If a line in the listing carries the word "lemma", return a copy of that line.

##############################

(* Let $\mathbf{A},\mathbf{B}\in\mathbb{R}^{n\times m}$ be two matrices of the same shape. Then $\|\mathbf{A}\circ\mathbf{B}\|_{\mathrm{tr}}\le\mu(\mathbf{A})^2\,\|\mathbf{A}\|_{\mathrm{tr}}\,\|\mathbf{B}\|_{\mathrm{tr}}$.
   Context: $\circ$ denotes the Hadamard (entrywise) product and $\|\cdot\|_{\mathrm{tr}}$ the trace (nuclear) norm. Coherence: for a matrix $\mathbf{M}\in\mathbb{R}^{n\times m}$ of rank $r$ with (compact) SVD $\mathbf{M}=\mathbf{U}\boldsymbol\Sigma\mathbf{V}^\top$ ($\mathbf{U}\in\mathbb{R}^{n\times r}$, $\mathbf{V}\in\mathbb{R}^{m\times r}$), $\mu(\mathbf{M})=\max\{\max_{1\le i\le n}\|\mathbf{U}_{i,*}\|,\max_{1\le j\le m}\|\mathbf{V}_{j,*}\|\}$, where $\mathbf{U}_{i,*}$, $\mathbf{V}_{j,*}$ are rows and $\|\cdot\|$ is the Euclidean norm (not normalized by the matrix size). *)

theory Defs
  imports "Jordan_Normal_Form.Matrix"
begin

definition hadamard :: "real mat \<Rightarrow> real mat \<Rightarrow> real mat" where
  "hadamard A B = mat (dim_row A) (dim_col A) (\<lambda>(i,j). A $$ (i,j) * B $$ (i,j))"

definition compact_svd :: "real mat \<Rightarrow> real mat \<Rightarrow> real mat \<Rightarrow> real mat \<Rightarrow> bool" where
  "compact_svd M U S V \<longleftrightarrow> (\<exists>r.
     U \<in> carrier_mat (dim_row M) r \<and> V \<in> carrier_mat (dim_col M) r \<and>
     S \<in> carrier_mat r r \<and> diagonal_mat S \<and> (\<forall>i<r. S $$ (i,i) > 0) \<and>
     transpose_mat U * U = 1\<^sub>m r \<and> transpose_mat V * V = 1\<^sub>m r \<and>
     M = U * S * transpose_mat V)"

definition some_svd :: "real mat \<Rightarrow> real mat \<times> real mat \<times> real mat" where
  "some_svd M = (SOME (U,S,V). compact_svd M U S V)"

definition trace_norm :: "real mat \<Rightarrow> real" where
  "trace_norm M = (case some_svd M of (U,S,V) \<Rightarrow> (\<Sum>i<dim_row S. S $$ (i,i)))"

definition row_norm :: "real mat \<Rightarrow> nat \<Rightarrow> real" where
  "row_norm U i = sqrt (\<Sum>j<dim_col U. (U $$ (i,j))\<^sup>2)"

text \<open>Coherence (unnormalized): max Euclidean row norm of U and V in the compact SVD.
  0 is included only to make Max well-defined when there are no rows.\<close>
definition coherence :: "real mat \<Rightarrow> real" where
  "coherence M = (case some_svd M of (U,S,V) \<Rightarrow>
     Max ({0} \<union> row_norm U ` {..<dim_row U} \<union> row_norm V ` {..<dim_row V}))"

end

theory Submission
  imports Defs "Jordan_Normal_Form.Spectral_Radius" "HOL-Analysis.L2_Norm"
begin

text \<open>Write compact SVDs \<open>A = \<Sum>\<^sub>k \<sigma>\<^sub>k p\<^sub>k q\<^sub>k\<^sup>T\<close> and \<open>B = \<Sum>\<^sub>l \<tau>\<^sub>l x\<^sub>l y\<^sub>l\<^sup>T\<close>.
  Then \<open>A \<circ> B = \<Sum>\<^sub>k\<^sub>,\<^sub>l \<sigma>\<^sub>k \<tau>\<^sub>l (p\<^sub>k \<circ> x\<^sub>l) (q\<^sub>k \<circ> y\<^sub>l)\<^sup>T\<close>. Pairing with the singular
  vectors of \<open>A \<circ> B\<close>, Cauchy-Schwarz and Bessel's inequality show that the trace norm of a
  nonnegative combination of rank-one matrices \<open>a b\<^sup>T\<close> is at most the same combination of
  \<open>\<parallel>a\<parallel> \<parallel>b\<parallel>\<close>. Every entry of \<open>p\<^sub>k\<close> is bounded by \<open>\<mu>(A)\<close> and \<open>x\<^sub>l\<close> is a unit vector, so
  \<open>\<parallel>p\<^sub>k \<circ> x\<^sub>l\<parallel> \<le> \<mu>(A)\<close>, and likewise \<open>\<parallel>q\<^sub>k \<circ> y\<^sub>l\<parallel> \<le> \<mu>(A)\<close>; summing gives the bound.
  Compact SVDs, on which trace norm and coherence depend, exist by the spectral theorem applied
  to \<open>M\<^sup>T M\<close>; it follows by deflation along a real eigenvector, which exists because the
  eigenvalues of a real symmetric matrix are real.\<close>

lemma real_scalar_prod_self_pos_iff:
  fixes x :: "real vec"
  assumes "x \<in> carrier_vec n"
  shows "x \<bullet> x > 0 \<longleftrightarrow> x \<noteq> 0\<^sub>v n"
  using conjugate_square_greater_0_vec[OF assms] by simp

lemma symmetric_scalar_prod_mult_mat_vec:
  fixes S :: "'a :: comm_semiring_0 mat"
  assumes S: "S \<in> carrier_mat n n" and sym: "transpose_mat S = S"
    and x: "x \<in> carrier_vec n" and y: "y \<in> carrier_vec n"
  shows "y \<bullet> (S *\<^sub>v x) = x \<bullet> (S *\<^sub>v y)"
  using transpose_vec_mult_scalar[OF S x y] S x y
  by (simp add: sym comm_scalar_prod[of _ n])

##############################

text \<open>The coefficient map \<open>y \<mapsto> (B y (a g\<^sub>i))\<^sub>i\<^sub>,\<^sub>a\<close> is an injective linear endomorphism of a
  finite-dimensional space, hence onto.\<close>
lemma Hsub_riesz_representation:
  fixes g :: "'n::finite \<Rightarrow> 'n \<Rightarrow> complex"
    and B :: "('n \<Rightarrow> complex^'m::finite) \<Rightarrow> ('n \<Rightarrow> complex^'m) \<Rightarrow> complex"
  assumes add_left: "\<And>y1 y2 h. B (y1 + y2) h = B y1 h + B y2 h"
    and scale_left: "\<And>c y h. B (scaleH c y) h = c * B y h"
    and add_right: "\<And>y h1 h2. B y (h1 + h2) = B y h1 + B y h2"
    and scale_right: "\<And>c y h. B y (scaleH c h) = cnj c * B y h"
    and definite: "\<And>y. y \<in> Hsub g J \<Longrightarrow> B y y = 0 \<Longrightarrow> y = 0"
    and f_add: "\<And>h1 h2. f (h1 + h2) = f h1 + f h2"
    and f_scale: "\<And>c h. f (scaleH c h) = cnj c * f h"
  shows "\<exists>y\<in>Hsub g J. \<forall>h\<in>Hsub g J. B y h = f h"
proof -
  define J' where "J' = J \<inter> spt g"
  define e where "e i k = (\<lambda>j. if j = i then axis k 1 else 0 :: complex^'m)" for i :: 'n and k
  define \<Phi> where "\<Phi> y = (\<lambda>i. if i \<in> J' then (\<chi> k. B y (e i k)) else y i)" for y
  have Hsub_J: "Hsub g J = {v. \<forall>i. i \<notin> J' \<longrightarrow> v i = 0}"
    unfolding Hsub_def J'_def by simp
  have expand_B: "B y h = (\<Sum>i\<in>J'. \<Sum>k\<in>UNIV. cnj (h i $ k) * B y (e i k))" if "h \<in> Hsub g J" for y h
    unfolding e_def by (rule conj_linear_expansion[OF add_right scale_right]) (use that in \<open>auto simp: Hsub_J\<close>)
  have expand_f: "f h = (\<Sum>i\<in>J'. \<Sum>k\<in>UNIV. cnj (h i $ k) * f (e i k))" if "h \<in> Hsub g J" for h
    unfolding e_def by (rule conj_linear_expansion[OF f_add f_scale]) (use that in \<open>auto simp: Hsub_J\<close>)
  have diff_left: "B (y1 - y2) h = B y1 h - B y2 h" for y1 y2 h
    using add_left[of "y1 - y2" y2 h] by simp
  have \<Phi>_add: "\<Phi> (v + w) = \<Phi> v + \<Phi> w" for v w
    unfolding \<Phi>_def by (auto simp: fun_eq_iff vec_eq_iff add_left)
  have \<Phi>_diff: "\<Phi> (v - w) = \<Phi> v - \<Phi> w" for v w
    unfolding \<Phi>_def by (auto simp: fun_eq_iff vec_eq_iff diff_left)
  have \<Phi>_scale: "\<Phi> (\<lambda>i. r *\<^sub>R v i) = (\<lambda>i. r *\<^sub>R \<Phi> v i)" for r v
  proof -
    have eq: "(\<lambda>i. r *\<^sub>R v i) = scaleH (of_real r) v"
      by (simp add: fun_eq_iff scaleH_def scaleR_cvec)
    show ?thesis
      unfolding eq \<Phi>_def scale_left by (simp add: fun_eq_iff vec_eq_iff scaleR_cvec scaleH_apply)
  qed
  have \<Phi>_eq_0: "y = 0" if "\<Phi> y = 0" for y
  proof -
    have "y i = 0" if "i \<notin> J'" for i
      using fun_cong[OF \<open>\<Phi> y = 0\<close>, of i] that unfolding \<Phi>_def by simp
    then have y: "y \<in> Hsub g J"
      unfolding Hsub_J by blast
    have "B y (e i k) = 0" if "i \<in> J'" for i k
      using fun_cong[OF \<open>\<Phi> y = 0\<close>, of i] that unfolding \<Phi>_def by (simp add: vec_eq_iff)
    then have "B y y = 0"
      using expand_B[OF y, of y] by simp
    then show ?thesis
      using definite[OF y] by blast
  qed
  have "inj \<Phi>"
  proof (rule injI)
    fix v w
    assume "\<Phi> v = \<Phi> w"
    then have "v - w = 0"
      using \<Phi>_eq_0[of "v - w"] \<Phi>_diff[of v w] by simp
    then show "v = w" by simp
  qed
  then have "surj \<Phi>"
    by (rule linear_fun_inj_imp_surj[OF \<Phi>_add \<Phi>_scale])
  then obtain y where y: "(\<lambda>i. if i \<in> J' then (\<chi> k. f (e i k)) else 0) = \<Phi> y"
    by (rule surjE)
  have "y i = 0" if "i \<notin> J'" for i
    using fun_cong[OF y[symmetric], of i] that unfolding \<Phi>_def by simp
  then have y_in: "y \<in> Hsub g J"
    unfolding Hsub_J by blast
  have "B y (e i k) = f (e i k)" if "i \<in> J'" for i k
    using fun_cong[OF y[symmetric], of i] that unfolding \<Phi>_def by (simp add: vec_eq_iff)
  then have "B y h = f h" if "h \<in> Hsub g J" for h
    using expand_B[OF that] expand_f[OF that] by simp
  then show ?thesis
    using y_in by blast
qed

##############################

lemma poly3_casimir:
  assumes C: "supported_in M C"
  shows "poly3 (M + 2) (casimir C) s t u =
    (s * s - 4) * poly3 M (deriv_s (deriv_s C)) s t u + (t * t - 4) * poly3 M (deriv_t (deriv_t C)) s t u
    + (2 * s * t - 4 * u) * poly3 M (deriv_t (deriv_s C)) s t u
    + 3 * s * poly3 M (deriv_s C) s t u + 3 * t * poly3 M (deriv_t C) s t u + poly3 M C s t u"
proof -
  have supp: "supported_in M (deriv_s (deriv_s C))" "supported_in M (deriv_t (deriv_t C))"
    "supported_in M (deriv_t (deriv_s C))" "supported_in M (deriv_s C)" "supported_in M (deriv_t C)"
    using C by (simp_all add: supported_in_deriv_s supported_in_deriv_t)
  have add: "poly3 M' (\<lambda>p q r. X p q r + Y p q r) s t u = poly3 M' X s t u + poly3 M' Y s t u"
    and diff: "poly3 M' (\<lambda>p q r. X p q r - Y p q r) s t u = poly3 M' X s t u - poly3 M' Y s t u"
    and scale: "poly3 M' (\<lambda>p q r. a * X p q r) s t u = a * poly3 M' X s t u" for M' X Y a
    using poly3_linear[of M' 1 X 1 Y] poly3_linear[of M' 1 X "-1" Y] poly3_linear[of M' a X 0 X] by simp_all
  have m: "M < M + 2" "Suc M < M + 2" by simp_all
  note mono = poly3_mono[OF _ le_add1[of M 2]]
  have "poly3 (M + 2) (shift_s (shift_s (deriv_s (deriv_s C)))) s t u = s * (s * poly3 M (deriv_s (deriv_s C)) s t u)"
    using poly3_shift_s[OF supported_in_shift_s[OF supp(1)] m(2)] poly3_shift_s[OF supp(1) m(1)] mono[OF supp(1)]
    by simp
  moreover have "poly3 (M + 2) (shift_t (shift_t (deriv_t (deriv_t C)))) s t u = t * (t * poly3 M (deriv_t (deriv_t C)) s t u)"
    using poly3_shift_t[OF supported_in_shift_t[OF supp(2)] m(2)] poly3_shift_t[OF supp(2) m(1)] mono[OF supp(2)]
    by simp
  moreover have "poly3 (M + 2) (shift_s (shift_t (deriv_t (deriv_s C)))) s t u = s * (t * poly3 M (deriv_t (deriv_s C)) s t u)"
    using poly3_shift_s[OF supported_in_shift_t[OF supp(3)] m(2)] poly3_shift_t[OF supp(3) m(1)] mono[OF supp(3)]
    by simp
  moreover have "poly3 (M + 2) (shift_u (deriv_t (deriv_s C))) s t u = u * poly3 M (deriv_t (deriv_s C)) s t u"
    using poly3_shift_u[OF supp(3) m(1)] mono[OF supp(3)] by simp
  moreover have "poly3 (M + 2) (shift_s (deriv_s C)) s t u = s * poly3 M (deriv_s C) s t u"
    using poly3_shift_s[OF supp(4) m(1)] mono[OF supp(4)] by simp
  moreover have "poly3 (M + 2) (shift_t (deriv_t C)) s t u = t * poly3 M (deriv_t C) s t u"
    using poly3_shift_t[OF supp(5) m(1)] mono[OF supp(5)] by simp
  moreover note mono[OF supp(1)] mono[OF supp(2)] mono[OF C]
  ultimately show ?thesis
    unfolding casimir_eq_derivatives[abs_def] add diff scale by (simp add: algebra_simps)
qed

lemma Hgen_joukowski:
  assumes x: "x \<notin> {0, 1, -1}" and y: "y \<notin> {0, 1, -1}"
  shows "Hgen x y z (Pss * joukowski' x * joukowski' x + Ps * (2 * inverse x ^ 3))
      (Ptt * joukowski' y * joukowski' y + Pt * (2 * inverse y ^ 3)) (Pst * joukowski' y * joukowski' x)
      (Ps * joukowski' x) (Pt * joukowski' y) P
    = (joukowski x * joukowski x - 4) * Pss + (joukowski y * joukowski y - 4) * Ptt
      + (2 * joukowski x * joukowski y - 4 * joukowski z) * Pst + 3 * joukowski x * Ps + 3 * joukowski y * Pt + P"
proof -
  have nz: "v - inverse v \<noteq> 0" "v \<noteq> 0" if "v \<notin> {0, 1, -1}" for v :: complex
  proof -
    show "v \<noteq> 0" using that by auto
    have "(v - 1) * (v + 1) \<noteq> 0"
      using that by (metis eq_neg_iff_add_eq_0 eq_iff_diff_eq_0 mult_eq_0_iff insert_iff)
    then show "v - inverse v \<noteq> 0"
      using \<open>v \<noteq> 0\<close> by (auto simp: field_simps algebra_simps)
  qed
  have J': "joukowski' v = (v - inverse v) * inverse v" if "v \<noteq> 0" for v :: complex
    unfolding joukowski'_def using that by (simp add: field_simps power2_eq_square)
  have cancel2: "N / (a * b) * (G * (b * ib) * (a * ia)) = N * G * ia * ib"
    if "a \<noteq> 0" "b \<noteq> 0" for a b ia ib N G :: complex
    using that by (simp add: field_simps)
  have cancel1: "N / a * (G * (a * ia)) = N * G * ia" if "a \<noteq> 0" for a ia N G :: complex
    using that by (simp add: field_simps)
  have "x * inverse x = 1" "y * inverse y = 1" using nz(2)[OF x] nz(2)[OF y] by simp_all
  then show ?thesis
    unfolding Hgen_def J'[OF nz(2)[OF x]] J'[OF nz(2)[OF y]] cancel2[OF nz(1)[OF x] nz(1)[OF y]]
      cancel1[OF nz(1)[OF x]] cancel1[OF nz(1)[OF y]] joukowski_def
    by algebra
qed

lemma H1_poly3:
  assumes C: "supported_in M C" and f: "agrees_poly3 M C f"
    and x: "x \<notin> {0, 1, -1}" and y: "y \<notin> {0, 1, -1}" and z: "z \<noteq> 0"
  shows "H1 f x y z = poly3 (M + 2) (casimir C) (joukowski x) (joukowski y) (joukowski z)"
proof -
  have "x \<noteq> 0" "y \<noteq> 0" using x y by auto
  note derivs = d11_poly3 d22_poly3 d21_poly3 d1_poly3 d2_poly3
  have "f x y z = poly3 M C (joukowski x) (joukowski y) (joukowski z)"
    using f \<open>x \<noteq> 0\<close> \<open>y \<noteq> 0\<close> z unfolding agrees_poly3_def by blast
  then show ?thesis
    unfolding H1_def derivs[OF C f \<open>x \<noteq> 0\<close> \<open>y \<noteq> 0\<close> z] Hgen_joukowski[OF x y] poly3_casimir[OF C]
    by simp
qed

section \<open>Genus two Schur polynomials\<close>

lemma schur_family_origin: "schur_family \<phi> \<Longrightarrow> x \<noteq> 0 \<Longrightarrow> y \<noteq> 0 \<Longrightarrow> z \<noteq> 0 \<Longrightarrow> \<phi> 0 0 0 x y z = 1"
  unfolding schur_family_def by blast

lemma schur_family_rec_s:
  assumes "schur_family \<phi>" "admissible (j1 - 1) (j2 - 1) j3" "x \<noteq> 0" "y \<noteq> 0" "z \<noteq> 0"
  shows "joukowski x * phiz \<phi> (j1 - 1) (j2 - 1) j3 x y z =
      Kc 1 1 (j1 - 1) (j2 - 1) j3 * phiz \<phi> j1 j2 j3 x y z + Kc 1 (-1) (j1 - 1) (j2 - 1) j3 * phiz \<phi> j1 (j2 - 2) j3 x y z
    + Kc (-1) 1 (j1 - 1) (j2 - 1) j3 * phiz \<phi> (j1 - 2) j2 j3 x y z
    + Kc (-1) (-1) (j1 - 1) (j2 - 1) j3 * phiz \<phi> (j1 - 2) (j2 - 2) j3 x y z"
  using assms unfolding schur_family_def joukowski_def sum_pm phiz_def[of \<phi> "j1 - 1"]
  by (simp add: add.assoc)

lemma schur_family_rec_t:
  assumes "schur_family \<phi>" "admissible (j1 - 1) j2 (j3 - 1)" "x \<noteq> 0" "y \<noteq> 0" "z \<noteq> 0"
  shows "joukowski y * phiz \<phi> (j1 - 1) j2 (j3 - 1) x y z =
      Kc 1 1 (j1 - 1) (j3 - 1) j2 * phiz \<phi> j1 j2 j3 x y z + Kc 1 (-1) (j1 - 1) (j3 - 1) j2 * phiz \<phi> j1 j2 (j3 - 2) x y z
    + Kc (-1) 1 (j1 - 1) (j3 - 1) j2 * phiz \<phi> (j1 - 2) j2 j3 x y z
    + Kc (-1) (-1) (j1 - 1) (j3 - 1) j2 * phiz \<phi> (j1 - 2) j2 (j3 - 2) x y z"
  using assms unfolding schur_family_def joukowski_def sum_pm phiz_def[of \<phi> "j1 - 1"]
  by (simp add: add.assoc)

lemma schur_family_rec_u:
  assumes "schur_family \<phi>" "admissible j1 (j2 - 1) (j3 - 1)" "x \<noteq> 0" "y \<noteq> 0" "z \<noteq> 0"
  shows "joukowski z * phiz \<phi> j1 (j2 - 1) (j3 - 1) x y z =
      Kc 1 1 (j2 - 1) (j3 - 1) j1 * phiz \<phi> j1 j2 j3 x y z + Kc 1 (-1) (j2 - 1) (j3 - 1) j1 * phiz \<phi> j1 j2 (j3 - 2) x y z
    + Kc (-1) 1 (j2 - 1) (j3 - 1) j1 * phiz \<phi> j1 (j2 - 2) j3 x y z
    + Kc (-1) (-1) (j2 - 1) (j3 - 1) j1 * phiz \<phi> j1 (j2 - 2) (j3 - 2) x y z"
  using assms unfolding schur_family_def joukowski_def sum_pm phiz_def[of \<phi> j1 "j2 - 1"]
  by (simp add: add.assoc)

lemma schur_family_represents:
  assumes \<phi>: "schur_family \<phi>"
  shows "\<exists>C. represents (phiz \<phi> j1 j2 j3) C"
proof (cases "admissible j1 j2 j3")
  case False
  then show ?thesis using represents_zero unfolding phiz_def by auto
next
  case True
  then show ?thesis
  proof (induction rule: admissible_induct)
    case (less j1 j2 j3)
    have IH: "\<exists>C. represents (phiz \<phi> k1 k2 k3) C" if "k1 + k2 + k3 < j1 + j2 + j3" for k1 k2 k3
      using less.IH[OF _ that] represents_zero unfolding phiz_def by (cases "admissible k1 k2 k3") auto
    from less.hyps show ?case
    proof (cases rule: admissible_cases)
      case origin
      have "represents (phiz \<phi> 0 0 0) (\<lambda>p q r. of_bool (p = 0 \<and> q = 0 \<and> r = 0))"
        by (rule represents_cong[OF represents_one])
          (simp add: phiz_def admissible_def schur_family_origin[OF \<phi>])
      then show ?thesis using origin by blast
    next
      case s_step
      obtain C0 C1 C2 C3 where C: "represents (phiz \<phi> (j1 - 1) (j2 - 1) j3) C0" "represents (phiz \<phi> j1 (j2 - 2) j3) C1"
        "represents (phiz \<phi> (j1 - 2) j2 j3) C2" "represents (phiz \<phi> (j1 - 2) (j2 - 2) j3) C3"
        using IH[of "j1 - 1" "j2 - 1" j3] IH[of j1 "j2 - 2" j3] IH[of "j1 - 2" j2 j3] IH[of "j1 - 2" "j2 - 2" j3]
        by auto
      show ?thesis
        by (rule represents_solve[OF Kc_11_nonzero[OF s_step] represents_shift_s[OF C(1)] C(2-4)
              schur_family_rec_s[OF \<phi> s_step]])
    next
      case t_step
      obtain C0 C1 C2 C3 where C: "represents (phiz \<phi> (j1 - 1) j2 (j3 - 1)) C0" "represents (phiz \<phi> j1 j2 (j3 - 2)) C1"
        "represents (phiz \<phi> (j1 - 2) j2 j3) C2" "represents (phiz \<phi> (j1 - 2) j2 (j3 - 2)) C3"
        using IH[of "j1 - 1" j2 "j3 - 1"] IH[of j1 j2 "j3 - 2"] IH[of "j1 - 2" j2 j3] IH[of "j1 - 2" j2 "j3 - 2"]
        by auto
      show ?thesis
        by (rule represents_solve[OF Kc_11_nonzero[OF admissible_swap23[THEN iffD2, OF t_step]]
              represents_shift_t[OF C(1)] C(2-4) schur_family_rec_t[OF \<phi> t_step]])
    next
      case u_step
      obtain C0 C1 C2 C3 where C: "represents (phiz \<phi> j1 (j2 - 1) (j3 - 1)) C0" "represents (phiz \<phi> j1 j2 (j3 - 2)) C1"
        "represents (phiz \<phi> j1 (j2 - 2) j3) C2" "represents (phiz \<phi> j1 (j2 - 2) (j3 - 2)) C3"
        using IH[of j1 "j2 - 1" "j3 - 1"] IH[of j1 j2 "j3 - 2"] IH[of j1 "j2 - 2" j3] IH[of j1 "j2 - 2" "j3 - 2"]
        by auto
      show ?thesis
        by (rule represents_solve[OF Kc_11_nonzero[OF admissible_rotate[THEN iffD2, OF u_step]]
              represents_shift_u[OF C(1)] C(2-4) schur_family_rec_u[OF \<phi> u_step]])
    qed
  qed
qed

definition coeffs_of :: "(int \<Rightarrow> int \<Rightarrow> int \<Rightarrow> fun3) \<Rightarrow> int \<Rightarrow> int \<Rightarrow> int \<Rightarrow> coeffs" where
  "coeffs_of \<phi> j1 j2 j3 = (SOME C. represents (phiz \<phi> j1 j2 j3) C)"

##############################

EXPECTED ANSWER
lemma real_scalar_prod_self_pos_iff:
lemma symmetric_scalar_prod_mult_mat_vec:
lemma Hsub_riesz_representation:
lemma poly3_casimir:
lemma Hgen_joukowski:
lemma H1_poly3:
lemma schur_family_origin: "schur_family \<phi> \<Longrightarrow> x \<noteq> 0 \<Longrightarrow> y \<noteq> 0 \<Longrightarrow> z \<noteq> 0 \<Longrightarrow> \<phi> 0 0 0 x y z = 1"
lemma schur_family_rec_s:
lemma schur_family_rec_t:
lemma schur_family_rec_u:
lemma schur_family_represents:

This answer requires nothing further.